_ABOUT THIS TASK_: Copy each line of the data beneath in which the word "length" appears.

━━━━━ RECORDED INFORMATION ━━━━━

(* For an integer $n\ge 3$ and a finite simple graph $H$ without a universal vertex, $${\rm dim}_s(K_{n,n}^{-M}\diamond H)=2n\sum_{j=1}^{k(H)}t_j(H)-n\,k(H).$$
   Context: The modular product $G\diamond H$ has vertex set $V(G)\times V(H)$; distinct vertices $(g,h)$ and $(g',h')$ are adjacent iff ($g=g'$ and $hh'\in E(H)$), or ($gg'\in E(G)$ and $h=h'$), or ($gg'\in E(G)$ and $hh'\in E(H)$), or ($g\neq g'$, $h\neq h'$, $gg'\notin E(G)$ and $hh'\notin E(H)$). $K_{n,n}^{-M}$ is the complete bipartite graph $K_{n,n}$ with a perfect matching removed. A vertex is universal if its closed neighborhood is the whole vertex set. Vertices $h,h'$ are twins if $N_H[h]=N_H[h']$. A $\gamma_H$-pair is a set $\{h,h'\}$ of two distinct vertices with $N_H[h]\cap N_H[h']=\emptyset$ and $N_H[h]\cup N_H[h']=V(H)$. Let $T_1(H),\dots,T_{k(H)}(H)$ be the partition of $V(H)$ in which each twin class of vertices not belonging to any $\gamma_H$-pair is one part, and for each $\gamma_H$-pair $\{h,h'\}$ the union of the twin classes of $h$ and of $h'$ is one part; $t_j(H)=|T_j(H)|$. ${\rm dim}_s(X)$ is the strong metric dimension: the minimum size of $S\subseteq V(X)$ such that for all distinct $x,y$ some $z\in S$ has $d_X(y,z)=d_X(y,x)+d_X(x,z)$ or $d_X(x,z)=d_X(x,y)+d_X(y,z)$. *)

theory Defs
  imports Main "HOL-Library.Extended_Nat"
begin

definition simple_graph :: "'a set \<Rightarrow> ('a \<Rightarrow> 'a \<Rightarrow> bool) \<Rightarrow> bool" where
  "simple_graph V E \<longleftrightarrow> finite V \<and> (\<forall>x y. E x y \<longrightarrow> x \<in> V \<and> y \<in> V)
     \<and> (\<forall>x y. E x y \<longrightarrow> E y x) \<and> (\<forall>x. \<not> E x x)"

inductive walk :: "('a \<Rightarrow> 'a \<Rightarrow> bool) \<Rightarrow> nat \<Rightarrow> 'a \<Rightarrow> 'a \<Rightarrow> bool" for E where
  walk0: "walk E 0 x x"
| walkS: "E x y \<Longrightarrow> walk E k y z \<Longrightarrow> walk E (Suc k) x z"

━━━━━
━━━━━ RECORDED INFORMATION ━━━━━

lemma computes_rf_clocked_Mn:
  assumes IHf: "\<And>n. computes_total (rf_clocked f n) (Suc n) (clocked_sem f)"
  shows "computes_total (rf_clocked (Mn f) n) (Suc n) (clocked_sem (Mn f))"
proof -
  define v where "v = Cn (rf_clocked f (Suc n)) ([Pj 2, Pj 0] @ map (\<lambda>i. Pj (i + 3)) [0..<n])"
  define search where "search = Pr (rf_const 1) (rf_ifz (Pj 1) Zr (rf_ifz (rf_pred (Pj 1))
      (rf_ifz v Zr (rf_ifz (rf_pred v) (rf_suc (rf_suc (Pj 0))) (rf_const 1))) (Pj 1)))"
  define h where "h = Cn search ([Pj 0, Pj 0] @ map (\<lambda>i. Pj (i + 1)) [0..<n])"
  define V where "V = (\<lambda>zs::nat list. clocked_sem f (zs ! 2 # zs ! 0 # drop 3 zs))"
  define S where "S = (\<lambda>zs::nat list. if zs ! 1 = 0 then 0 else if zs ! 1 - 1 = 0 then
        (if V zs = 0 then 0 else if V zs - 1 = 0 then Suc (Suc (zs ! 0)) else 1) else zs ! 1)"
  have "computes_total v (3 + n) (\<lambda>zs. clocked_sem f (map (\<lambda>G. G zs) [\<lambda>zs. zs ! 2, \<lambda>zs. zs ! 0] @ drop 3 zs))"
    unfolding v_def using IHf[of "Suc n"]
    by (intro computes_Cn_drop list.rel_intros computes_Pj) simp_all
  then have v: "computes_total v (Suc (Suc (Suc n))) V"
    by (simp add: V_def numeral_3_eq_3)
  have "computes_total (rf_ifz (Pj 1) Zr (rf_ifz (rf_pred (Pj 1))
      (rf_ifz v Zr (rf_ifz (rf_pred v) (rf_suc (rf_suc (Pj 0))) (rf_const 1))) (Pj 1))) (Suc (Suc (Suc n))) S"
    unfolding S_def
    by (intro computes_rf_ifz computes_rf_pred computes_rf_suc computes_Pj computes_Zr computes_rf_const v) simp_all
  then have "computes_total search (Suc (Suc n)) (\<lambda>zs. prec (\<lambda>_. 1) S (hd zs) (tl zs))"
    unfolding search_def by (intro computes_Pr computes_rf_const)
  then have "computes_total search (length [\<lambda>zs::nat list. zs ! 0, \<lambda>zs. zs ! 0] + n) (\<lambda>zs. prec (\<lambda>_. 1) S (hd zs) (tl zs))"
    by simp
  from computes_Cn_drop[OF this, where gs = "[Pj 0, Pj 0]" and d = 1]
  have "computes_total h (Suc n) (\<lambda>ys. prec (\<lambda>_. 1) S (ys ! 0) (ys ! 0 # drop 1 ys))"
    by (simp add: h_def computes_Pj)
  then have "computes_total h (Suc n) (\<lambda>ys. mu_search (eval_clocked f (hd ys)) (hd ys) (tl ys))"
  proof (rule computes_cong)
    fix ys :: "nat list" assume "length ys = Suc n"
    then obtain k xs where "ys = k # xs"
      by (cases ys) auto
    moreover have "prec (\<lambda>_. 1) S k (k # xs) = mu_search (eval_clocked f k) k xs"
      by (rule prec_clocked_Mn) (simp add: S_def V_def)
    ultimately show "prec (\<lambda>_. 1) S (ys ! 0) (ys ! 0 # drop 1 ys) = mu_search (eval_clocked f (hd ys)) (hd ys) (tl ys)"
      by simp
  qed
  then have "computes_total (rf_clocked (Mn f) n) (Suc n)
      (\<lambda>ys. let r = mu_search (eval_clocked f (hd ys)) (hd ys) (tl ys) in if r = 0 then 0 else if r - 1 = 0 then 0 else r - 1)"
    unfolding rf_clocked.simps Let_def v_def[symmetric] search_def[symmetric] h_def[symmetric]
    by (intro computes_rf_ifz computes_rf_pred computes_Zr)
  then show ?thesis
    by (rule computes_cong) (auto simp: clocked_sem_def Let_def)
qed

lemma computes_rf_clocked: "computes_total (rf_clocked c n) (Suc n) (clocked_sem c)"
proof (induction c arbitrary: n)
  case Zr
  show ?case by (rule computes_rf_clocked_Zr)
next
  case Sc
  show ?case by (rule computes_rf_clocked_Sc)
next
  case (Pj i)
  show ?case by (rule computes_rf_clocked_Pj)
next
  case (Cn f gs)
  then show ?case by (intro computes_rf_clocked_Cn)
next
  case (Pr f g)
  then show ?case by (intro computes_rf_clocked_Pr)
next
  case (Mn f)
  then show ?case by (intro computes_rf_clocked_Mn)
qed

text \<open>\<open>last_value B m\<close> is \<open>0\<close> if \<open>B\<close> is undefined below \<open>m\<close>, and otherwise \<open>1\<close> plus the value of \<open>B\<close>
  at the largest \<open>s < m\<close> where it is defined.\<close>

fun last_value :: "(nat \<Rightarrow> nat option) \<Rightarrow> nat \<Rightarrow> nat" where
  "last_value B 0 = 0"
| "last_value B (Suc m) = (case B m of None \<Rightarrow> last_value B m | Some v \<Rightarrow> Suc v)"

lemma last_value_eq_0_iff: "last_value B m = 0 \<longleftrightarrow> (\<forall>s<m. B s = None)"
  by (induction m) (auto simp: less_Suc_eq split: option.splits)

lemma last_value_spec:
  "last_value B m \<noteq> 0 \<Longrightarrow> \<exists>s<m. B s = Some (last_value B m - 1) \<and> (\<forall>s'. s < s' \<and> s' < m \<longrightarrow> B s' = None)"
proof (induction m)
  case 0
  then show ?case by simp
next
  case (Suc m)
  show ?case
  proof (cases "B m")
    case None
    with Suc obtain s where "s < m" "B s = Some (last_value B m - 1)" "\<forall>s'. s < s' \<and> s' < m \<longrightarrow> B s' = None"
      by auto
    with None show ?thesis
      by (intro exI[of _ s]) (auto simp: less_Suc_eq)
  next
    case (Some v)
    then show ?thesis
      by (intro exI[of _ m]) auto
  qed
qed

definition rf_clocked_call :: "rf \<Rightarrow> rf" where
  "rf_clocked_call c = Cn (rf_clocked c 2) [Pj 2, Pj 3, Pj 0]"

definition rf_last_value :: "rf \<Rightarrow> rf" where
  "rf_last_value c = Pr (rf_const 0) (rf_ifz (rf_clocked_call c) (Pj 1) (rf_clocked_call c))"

━━━━━
━━━━━ RECORDED INFORMATION ━━━━━

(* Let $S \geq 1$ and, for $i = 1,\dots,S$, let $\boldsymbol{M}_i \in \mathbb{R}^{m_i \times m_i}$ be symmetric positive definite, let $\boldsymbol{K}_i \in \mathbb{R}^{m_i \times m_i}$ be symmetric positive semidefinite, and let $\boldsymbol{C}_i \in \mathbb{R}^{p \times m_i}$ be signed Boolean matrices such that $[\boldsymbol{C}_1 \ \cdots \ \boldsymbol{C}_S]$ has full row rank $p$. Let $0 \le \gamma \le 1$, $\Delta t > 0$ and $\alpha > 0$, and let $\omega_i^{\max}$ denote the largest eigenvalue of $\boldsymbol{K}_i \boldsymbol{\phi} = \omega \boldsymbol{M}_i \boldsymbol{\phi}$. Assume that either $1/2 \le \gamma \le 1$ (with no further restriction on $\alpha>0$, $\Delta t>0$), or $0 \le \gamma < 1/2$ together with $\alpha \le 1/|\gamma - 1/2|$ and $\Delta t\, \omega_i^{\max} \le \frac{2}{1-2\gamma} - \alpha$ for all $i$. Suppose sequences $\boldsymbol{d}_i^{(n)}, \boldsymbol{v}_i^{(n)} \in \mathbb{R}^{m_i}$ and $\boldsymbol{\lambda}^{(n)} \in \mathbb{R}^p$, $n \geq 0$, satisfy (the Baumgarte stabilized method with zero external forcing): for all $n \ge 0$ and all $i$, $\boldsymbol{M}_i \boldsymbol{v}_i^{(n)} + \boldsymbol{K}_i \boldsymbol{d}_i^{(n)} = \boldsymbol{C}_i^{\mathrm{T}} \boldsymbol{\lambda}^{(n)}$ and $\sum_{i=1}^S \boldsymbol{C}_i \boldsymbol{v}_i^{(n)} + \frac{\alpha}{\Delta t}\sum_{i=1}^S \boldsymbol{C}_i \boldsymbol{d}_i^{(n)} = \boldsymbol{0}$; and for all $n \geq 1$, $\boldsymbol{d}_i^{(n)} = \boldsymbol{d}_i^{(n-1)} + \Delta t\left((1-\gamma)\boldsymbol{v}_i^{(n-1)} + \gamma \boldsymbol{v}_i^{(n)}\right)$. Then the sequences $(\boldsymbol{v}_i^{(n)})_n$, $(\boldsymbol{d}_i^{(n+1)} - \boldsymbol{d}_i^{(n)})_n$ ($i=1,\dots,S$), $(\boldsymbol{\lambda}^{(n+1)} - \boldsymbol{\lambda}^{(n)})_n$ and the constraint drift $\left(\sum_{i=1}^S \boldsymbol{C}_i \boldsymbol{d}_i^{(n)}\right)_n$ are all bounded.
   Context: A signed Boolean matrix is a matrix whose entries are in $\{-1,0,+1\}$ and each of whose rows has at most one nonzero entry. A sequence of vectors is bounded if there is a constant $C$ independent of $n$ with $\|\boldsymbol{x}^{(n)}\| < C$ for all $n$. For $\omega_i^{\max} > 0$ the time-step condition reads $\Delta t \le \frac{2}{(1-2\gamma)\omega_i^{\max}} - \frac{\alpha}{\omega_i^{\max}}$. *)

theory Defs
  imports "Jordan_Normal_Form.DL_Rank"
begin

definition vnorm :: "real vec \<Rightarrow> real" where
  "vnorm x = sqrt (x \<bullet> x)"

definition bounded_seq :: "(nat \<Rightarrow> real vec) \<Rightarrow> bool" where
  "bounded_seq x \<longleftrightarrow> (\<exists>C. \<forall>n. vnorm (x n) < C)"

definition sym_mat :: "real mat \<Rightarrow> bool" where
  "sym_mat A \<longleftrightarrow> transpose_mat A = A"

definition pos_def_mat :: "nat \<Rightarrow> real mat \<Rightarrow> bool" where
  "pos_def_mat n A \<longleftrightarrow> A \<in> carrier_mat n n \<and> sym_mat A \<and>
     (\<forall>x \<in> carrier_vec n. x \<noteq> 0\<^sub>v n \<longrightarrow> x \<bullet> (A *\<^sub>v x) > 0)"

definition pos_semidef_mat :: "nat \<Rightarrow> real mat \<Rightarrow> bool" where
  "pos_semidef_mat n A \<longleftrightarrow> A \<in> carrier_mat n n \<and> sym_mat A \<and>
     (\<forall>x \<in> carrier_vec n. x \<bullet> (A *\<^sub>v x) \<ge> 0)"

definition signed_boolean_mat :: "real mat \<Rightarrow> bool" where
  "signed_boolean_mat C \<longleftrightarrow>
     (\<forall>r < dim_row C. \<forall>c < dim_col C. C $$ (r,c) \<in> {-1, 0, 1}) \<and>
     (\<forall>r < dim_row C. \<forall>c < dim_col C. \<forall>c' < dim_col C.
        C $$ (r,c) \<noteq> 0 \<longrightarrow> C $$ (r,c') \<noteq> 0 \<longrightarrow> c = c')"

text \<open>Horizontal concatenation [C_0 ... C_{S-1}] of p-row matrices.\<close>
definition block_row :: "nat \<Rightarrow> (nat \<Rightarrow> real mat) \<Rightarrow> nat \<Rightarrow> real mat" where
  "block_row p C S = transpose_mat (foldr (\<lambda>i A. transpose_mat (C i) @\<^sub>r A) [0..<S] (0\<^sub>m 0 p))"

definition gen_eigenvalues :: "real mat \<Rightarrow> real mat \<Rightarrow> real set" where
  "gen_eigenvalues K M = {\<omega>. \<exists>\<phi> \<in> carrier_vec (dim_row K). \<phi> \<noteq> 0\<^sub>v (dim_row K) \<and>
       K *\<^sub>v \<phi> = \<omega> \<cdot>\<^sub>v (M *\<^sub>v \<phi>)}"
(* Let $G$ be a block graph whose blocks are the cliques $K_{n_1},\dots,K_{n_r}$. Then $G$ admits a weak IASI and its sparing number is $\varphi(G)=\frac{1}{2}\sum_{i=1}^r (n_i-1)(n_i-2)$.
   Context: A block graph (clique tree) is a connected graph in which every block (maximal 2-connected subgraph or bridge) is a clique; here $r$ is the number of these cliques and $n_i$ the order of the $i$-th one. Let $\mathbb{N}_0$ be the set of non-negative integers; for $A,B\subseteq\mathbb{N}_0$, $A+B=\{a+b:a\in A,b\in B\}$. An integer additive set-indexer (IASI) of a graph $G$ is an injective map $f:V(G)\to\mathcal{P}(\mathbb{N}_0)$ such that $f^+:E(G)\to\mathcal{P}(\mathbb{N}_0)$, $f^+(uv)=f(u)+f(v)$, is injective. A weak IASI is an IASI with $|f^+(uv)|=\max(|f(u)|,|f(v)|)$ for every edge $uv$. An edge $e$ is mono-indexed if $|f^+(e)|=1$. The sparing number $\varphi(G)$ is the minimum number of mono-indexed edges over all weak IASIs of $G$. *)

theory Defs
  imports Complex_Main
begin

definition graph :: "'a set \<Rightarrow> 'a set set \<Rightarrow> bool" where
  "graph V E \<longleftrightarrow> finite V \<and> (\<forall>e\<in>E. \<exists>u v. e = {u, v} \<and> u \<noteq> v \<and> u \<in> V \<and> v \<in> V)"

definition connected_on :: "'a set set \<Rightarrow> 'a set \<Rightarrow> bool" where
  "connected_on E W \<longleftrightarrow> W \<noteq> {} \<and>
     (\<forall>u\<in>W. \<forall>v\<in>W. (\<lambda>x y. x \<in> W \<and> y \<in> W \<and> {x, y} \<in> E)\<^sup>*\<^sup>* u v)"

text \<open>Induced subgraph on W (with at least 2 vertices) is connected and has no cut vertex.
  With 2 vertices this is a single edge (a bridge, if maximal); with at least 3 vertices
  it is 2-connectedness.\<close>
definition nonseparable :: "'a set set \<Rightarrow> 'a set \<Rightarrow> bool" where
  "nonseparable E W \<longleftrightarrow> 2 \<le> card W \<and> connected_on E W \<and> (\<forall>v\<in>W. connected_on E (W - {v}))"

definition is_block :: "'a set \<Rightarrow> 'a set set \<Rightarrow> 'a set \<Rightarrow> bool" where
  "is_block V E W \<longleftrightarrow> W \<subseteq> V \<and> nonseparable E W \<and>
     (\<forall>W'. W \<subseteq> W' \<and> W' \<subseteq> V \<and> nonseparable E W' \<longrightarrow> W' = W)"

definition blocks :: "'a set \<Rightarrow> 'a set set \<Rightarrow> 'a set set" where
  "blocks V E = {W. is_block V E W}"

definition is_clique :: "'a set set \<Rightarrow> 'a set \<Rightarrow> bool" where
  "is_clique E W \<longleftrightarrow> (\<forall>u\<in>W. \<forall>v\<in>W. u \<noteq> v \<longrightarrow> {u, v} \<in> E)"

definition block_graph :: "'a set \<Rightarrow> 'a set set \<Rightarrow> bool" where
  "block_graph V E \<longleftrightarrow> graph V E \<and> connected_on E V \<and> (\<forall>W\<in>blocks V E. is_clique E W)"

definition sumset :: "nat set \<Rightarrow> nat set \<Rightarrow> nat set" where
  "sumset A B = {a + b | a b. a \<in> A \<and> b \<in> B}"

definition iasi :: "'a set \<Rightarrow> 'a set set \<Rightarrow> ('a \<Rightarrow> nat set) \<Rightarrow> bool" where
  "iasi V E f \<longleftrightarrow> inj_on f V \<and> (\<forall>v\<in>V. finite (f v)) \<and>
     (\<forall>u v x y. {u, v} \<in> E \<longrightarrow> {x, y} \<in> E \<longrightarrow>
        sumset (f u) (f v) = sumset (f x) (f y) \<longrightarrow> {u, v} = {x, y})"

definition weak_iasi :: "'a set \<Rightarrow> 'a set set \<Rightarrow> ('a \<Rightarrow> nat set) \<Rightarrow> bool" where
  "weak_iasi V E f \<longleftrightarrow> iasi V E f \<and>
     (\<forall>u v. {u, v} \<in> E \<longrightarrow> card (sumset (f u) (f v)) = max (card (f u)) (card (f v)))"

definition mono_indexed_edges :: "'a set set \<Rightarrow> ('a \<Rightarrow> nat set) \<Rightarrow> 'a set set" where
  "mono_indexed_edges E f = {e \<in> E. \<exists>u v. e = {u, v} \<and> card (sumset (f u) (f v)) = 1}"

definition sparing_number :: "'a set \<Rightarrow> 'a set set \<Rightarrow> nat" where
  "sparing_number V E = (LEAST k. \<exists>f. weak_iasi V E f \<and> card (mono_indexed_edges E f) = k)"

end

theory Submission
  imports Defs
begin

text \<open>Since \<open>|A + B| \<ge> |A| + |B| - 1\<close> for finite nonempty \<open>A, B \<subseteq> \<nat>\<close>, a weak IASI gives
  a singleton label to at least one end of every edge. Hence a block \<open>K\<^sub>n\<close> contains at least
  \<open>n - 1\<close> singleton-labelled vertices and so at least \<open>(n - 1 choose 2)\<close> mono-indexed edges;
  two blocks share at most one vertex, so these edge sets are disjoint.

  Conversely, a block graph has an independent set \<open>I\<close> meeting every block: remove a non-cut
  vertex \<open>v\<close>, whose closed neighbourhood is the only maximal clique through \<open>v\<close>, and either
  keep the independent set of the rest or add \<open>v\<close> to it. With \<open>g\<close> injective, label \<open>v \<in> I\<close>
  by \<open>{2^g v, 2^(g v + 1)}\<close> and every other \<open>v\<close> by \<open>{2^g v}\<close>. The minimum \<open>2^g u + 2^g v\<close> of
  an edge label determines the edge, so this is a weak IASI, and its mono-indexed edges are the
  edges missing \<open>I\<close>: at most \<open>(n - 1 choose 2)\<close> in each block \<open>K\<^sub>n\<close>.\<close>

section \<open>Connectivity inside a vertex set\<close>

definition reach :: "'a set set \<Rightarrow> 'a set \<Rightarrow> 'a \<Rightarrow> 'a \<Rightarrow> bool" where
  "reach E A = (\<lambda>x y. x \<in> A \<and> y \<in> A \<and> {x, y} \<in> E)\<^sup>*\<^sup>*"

━━━━━

_COMPLETED EXERCISE_:
  then have "computes_total search (length [\<lambda>zs::nat list. zs ! 0, \<lambda>zs. zs ! 0] + n) (\<lambda>zs. prec (\<lambda>_. 1) S (hd zs) (tl zs))"
    fix ys :: "nat list" assume "length ys = Suc n"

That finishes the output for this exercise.